Determine a fourth degree polynomial p that has $p(0), p(1), p(2), p(3), p(4)$ equal to $7, 1, 3, 1, 7$, respectively. Using my ideas, I first write out the points on the polynomial as $(0,7), (1, 1),(2, 3), (4, 7).$ I assume a four degree polynomial will have the general formula $$p(x) = ax^4+bx^3+cx^2+dx+e$$ Since at $x=0$, $p(0) = 7$, it follows that $ e=7.$
My problem now is to find a, b, c, and d.
On
Plug in the known values and you would get $4$ (linear) equations with $4$ variables.
This is a bit much - but is doable.
If you are advanced and know what are matrices then you can use it to find the solution.
On
Symmetry is our friend, let's exploit it (that didn't come out sounding quite right.)
There is obvious symmetry about $x=2$. Symmetry about $0$ is nicer, so we first find a polynomial $q(x)$ such that $q(0)=3$, $q(\pm 1)=1$ and $q(\pm 2)=7$. Let's look for such a polynomial of shape $$q(x)=3+ax^2(x^2-1)+bx^2(x^2-4).$$
Plug in $x=2$ to find $a$ and $x=1$ to find $b$.
Then shift $q(x)$ suitably: $p(x)=q(x-2)$.
On
Yet another method, using the fact that the inputs are consecutive integers starting with zero. It’s the method of finite differences, in which you make repeated use of the operator $\Delta$, where $(\Delta f)(n)=f(n+1)-f(n)$. The basic polynomials here are $C_0(x)=1$ (constant), $C_1(x)=x$, $C_2(x)=x(x-1)/2!$, $C_3(x)=x(x-1)(x-2)/3!$, etc. In our example, I write down the original function values on the top row, and the values of $\Delta^nf$ in the succeeding rows: \begin{align} 7\quad 1\quad3\quad1\quad7\\ -6\quad2-2\quad6\quad\>\\ 8\quad-4\quad8\quad\quad\\ -12\quad12\quad\quad\quad\quad\\ 24\qquad\quad\quad\quad\quad \end{align} Then the desired polynomial is gotten by reading down the left column: $f(x)=7C_0-6C_1+8C_2-12C_3+24C_4$.

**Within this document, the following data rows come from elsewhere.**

lemma prob_reweighted_sample_answers_queries:
  fixes \<mu> \<nu> :: "'a::finite pmf" and Q :: "('a \<Rightarrow> real) set"
  assumes "renyi_inf \<mu> \<nu> < \<infinity>" and "finite Q"
    and queries: "\<forall>q\<in>Q. \<forall>x. 0 \<le> q x \<and> q x \<le> 1" and "0 < t"
  defines "S \<equiv> exp (renyi2 \<mu> \<nu>)" and "M \<equiv> exp (real_of_ereal (renyi_inf \<mu> \<nu>))"
  shows "1 - real (card Q) * (2 * exp (- real m * t\<^sup>2 / (2 * (S + M * t / 3))))
          \<le> measure_pmf.prob (replicate_pmf m \<nu>)
               {D. \<forall>q\<in>Q. \<bar>query_val (\<lambda>x. density_ratio \<mu> \<nu> x * q x) D
                           - measure_pmf.expectation \<mu> q\<bar> \<le> t}"
proof (rule prob_all_ge_union_bound[OF \<open>finite Q\<close>], intro ballI)
  fix q assume "q \<in> Q"
  let ?f = "\<lambda>x. density_ratio \<mu> \<nu> x * q x"
  have supp: "set_pmf \<mu> \<subseteq> set_pmf \<nu>"
    by (rule set_pmf_subset_of_renyi_inf_less_infinity[OF assms(1)])
  have ratio_nonneg: "0 \<le> density_ratio \<mu> \<nu> x" for x
    by (simp add: density_ratio_def)
  have "\<bar>?f x\<bar> \<le> M" for x
  proof -
    have "\<bar>?f x\<bar> \<le> density_ratio \<mu> \<nu> x"
      using queries \<open>q \<in> Q\<close> ratio_nonneg by (simp add: abs_mult mult_left_le)
    also have "\<dots> \<le> M"
      unfolding M_def by (rule density_ratio_le_exp_renyi_inf[OF assms(1)])
    finally show ?thesis .
  qed
  moreover have "measure_pmf.expectation \<nu> (\<lambda>x. (?f x)\<^sup>2) \<le> S"
  proof -
    have "measure_pmf.expectation \<nu> (\<lambda>x. (?f x)\<^sup>2)
        \<le> measure_pmf.expectation \<nu> (\<lambda>x. (density_ratio \<mu> \<nu> x)\<^sup>2)"
      using queries \<open>q \<in> Q\<close> ratio_nonneg
      by (intro integral_mono integrable_measure_pmf_finite)
         (auto simp: power_mult_distrib mult_left_le power_le_one)
    then show ?thesis
      unfolding S_def expectation_density_ratio_sq[OF supp] .
  qed
  ultimately have "measure_pmf.prob (replicate_pmf m \<nu>)
      {D. t < \<bar>query_val ?f D - measure_pmf.expectation \<nu> ?f\<bar>}
      \<le> 2 * exp (- real m * t\<^sup>2 / (2 * (S + M * t / 3)))"
    using \<open>0 < t\<close> by (intro prob_abs_query_val_dev_bernstein) (auto simp: S_def M_def)
  then show "measure_pmf.prob (replicate_pmf m \<nu>)
      {D. \<not> \<bar>query_val ?f D - measure_pmf.expectation \<mu> q\<bar> \<le> t}
      \<le> 2 * exp (- real m * t\<^sup>2 / (2 * (S + M * t / 3)))"
    by (simp add: not_le expectation_density_ratio_mult[OF _ supp])
qed

lemma mult_exp_neg_le_of_ln_le:
  fixes k \<delta> x :: real
  assumes "0 < k" and "0 < \<delta>" and "ln (k / \<delta>) \<le> x"
  shows "k * exp (- x) \<le> \<delta>"
proof -
  have "exp (- x) \<le> exp (- ln (k / \<delta>))"
    using assms(3) by simp
  also have "\<dots> = \<delta> / k"
    using assms(1,2) by (simp add: exp_minus)
  finally show ?thesis
    using assms(1) by (simp add: field_simps)
qed

lemma prob_sample_answers_queries_of_sample_size:
  fixes p :: "'a pmf" and Q :: "('a \<Rightarrow> real) set"
  assumes "finite (set_pmf p)" and "finite Q" and "\<forall>q\<in>Q. \<forall>x. 0 \<le> q x \<and> q x \<le> 1"
    and "0 < \<alpha>" and "0 < \<beta>" and n: "8 / \<alpha>\<^sup>2 * ln (4 * real (card Q) / \<beta>) \<le> real n"
  shows "1 - \<beta> / 2 \<le> measure_pmf.prob (replicate_pmf n p)
                         {D. \<forall>q\<in>Q. \<bar>query_val q D - measure_pmf.expectation p q\<bar> \<le> \<alpha> / 2}"
proof -
  define tail where "tail = 2 * exp (- 2 * real n * (\<alpha> / 2)\<^sup>2)"
  have "real (card Q) * tail \<le> \<beta> / 2"
  proof (cases "card Q = 0")
    case False
    have "ln (4 * real (card Q) / \<beta>) \<le> real n * \<alpha>\<^sup>2 / 8"
      using n \<open>0 < \<alpha>\<close> by (simp add: field_simps)
    also have "\<dots> \<le> 2 * real n * (\<alpha> / 2)\<^sup>2"
      by (simp add: power_divide)
    finally have "ln (2 * real (card Q) / (\<beta> / 2)) \<le> 2 * real n * (\<alpha> / 2)\<^sup>2"
      by (simp add: field_simps)
    then have "2 * real (card Q) * exp (- (2 * real n * (\<alpha> / 2)\<^sup>2)) \<le> \<beta> / 2"
      using False \<open>0 < \<beta>\<close> by (intro mult_exp_neg_le_of_ln_le) auto
    then show ?thesis
      by (simp add: tail_def)
  qed (use \<open>0 < \<beta>\<close> in simp)
  moreover have "1 - real (card Q) * tail \<le> measure_pmf.prob (replicate_pmf n p)
                     {D. \<forall>q\<in>Q. \<bar>query_val q D - measure_pmf.expectation p q\<bar> \<le> \<alpha> / 2}"
    unfolding tail_def using assms by (intro prob_sample_answers_queries) auto
  ultimately show ?thesis
    by linarith
qed
(* Let $\alpha,\beta\in\mathsf{Lab}\uplus\underline{\mathsf{Lab}}$ with $\mathsf{und}(\alpha)=(p_\alpha,Rd_\alpha,Wt_\alpha)$, $\mathsf{und}(\beta)=(p_\beta,Rd_\beta,Wt_\beta)$, $Wt_\alpha\subseteq Rd_\alpha$, $Wt_\beta\subseteq Rd_\beta$ and $\alpha\;\iota_{lab}\;\beta$. Suppose $A\to_{ann}^{\alpha}A'$ and $A\to_{ann}^{\beta}A''$. Then $A''\to_{ann}^{\alpha}A'''$ where $A'''=A''\odot^{\alpha}\mathsf{diff}(A\to_{ann}^{\alpha}A')$.
   Context: Fix a set $\mathcal{R}$ of memory resources. Let $\mathsf{PID}=(\mathbb{N}_+)^*$ be the set of finite words over the positive integers, with $\preceq$ the prefix order. An annotation DAG is a triple $A=(V,E_R,E_W)$ such that: (1) $V\subseteq(\mathsf{PID}\times\mathbb{N})\cup\{\bot\}$ is finite, $\bot\in V$, and $(p,n)\in V$ implies $(p,n')\in V$ for all $n'\le n$; (2) $E_R,E_W\subseteq V\times\mathcal{R}\times V$, and $(v',r,v),(v'',r,v)\in E_R\cup E_W$ implies $v'=v''$; (3) $E_R\cap E_W=\varnothing$ and the directed graph $(V,E_R\cup E_W)$ is acyclic; (4) if $(v',r,v)\in E_W$ and $v'\neq\bot$ then $(v'',r,v')\in E_W$ for some $v''$; (5) $(v,r,v'),(v,r,v'')\in E_W$ implies $v'=v''$. For $r\in\mathcal{R}$, $\mathsf{last}(r,E_W)$ is $\bot$ if $E_W$ has no edge labelled $r$, and otherwise is the final node of the unique path from $\bot$ consisting of all $E_W$-edges labelled $r$. For $p\in\mathsf{PID}$, $\mathsf{max}_p(V)=\max\{n:(p,n)\in V\}$, or $-1$ if there is no such $n$. Let $\mathsf{Lab}=\mathsf{PID}\times2^{\mathcal{R}}\times2^{\mathcal{R}}$ and $\underline{\mathsf{Lab}}=\{\underline{a}:a\in\mathsf{Lab}\}$ a disjoint copy; $\mathsf{und}(a)=\mathsf{und}(\underline a)=a$. For $a=(p,Rd,Wt)\in\mathsf{Lab}$ and annotation DAGs $A_1=(V_1,E_{R1},E_{W1})$, $A_2=(V_2,E_{R2},E_{W2})$, write $A_1\to_{ann}^{a}A_2$ iff, with $v=(p,\mathsf{max}_p(V_1)+1)$ and $\mathsf{newedge}(r,E_W,v)=(\mathsf{last}(r,E_W),r,v)$: $V_2=V_1\cup\{v\}$, $E_{R2}=E_{R1}\cup\{\mathsf{newedge}(r,E_{W1},v): r\in Rd\setminus Wt\}$, $E_{W2}=E_{W1}\cup\{\mathsf{newedge}(r,E_{W1},v): r\in Wt\}$; and write $A_2\to_{ann}^{\underline a}A_1$ iff $A_1\to_{ann}^{a}A_2$. For $\alpha,\beta\in\mathsf{Lab}\uplus\underline{\mathsf{Lab}}$ with $\mathsf{und}(\alpha)=(p_1,Rd_1,Wt_1)$, $\mathsf{und}(\beta)=(p_2,Rd_2,Wt_2)$, define $\alpha\;\iota_{lab}\;\beta$ iff $p_1\not\preceq p_2$, $p_2\not\preceq p_1$, $Rd_1\cap Wt_2=\varnothing$ and $Rd_2\cap Wt_1=\varnothing$. For $o:(V,E_R,E_W)\to_{ann}^{\alpha}(V',E'_R,E'_W)$, $\mathsf{diff}(o)=(V'\setminus V,E'_R\setminus E_R,E'_W\setminus E_W)$ if $\alpha\in\mathsf{Lab}$ and $\mathsf{diff}(o)=(V\setminus V',E_R\setminus E'_R,E_W\setminus E'_W)$ if $\alpha\in\underline{\mathsf{Lab}}$. Also $(V,E_R,E_W)\odot^{\alpha}(\Delta V,\Delta E_R,\Delta E_W)$ is $(V\cup\Delta V,E_R\cup\Delta E_R,E_W\cup\Delta E_W)$ if $\alpha\in\mathsf{Lab}$ and $(V\setminus\Delta V,E_R\setminus\Delta E_R,E_W\setminus\Delta E_W)$ if $\alpha\in\underline{\mathsf{Lab}}$. (In the paper, labels arise from basic blocks for which the set of written resources is contained in the set of read resources; this is recorded here as the hypothesis $Wt\subseteq Rd$.) *)

theory Defs
  imports Main
begin
lemma fibre_collapse_subspace_homeomorphic:
  "subtopology (quotient_topology K r) (r ` F) homeomorphic_space L"
proof -
  let ?Q = "quotient_topology K r"
  have F_sub: "F \<subseteq> topspace K"
    using closed_F by (rule closedin_subset)
  have top_F: "topspace (subtopology K F) = F"
    using F_sub by (rule topspace_subtopology_subset)
  have top_M: "topspace (subtopology ?Q (r ` F)) = r ` F"
    using F_sub by (intro topspace_subtopology_subset) (auto simp: topspace_quotient_topology)
  have "quotient_map (subtopology K F) (subtopology ?Q (r ` F)) r"
    by (rule quotient_map_fibre_collapse_restriction)
  moreover have "continuous_map (subtopology K F) L (g \<circ> r)"
    using cont_g by (rule continuous_map_eq) (simp add: top_F r_fibre)
  ultimately have cont: "continuous_map (subtopology ?Q (r ` F)) L g"
    by (rule continuous_compose_quotient_map)
  have "g ` r ` F = g ` F"
    unfolding image_image using r_fibre by simp
  then have onto: "g ` topspace (subtopology ?Q (r ` F)) = topspace L"
    by (simp only: top_M g_onto)
  have inj: "inj_on g (topspace (subtopology ?Q (r ` F)))"
    unfolding top_M
  proof (rule inj_onI)
    fix u v
    assume "u \<in> r ` F" "v \<in> r ` F" and g_eq: "g u = g v"
    then obtain x y where "x \<in> F" "y \<in> F" "u = r x" "v = r y"
      by blast
    then show "u = v"
      using g_eq r_fibre r_const by metis
  qed
  have "compact_space (subtopology ?Q (r ` F))"
    using cpt_space_closed_subtopology[OF cpt_space_fibre_collapse closedin_fibre_collapse_image]
    by (simp add: cpt_space_def)
  then have "homeomorphic_map (subtopology ?Q (r ` F)) L g"
    using cont cpt_L onto inj by (simp add: cpt_space_def continuous_imp_homeomorphic_map)
  then show ?thesis
    by (rule homeomorphic_map_imp_homeomorphic_space)
qed

end

lemma obtain_adjunction_space:
  fixes K :: "'a topology" and L :: "'b topology"
  assumes "cpt_space K" "closedin K F" "cpt_space L"
    and "continuous_map (subtopology K F) L g" "g ` F = topspace L"
  obtains Q :: "'a topology" and q M
  where "cpt_space Q" "continuous_map K Q q" "q ` topspace K = topspace Q"
    and "closedin Q M" "subtopology Q M homeomorphic_space L"
proof -
  obtain r where r: "\<And>x. x \<in> F \<Longrightarrow> r x \<in> F \<and> g (r x) = g x"
    "\<And>x. x \<notin> F \<Longrightarrow> r x = x"
    "\<And>x y. x \<in> F \<Longrightarrow> y \<in> F \<Longrightarrow> g x = g y \<Longrightarrow> r x = r y"
    by (fact obtain_fibre_representatives)
  show thesis
  proof (rule that)
    show "cpt_space (quotient_topology K r)"
      by (rule cpt_space_fibre_collapse[OF assms r])
    show "continuous_map K (quotient_topology K r) r"
      by (rule quotient_imp_continuous_map[OF quotient_map_quotient_topology])
    show "r ` topspace K = topspace (quotient_topology K r)"
      by (simp add: topspace_quotient_topology)
    show "closedin (quotient_topology K r) (r ` F)"
      by (rule closedin_fibre_collapse_image[OF assms r])
    show "subtopology (quotient_topology K r) (r ` F) homeomorphic_space L"
      by (rule fibre_collapse_subspace_homeomorphic[OF assms r])
  qed
qed

lemma continuous_map_onto_closed_subspace:
  assumes f: "continuous_map K L f" "f ` topspace K = topspace L" and M: "closedin L M"
  shows "closedin K {x \<in> topspace K. f x \<in> M}"
    and "continuous_map (subtopology K {x \<in> topspace K. f x \<in> M}) (subtopology L M) f"
    and "f ` {x \<in> topspace K. f x \<in> M} = topspace (subtopology L M)"
proof -
  show "closedin K {x \<in> topspace K. f x \<in> M}"
    using f(1) M by (rule closedin_continuous_map_preimage)
  show "continuous_map (subtopology K {x \<in> topspace K. f x \<in> M}) (subtopology L M) f"
    using f(1) by (intro continuous_map_into_subtopology continuous_map_from_subtopology) auto
  have "f ` {x \<in> topspace K. f x \<in> M} = M"
  proof
    show "M \<subseteq> f ` {x \<in> topspace K. f x \<in> M}"
    proof
      fix y
      assume "y \<in> M"
      then have "y \<in> f ` topspace K"
        using f(2) closedin_subset[OF M] by blast
      then show "y \<in> f ` {x \<in> topspace K. f x \<in> M}"
        using \<open>y \<in> M\<close> by blast
    qed
  qed blast
  then show "f ` {x \<in> topspace K. f x \<in> M} = topspace (subtopology L M)"
    by (simp only: topspace_subtopology_subset[OF closedin_subset[OF M]])
qed

lemma perp_classD:
  fixes K L :: "'a topology"
  assumes "K \<in> perp_class \<C>" "closedin K F" "cpt_space L"
    "continuous_map (subtopology K F) L f" "f ` F = topspace L" "in_class L \<C>"
  shows "metrizable_space L"
proof -
  have "\<forall>F (L::'a topology) f. closedin K F \<and> cpt_space L \<and> continuous_map (subtopology K F) L f \<and>
      f ` F = topspace L \<and> in_class L \<C> \<longrightarrow> metrizable_space L"
    using assms(1) unfolding perp_class_def mem_Collect_eq by (rule conjunct2)
  then have "closedin K F \<and> cpt_space L \<and> continuous_map (subtopology K F) L f \<and>
      f ` F = topspace L \<and> in_class L \<C> \<longrightarrow> metrizable_space L"
    by (elim allE)
  then show ?thesis
    using assms(2-6) by simp
qed

lemma perp_classI:
  fixes K :: "'a topology"
  assumes "cpt_space K"
    and "\<And>F (L::'a topology) f. closedin K F \<Longrightarrow> cpt_space L \<Longrightarrow>
      continuous_map (subtopology K F) L f \<Longrightarrow> f ` F = topspace L \<Longrightarrow> in_class L \<C> \<Longrightarrow>
      metrizable_space L"
  shows "K \<in> perp_class \<C>"
  unfolding perp_class_def
proof (intro CollectI conjI allI impI assms(1); elim conjE)
  show "metrizable_space L" if "closedin K F" "cpt_space L" "continuous_map (subtopology K F) L f"
    "f ` F = topspace L" "in_class L \<C>" for F and L :: "'a topology" and f
    using that by (rule assms(2))
qed

lemma perp_class_closed_subspace_of_image_metrizable:
  fixes K L :: "'a topology"
  assumes "K \<in> perp_class \<C>" "cpt_space L" "continuous_map K L f" "f ` topspace K = topspace L"
    and "closedin L M" "in_class (subtopology L M) \<C>"
  shows "metrizable_space (subtopology L M)"
proof -
  note preimage = continuous_map_onto_closed_subspace[OF assms(3-5)]
  show ?thesis
    by (rule perp_classD[OF assms(1) preimage(1) cpt_space_closed_subtopology[OF assms(2,5)]
          preimage(2,3) assms(6)])
qed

If you are not averse to teaching a method without a supporting explanation, this is perfectly well suited to willing elementary school students.
Lets solve an easier case: $q(x)$ a 2nd degree polynomial and $q(1) = 1$, $q(4) = 3$ and $q(5) = 2$. It's easy to check that the following polynomial expression has the degree we want and when evaluated at 0, 4 and 5 it gives the values we expect:
$$ Q(x) = 1\cdot\frac{(x-4)(x-5)}{(1-4)(1-5)} + 3\cdot\frac{(x-5)(x-1)}{(4-5)(4-1)} + 2\cdot\frac{(x-1)(x-4)}{(5-1)(5-4)} $$
Therefore it must be the polynomial we are looking for, $Q(x) = q(x)$ (though, of course, you have to expand the expression to get the coefficients). Try to understand what is the trick used and then adapt it to your 4th degree polynomial.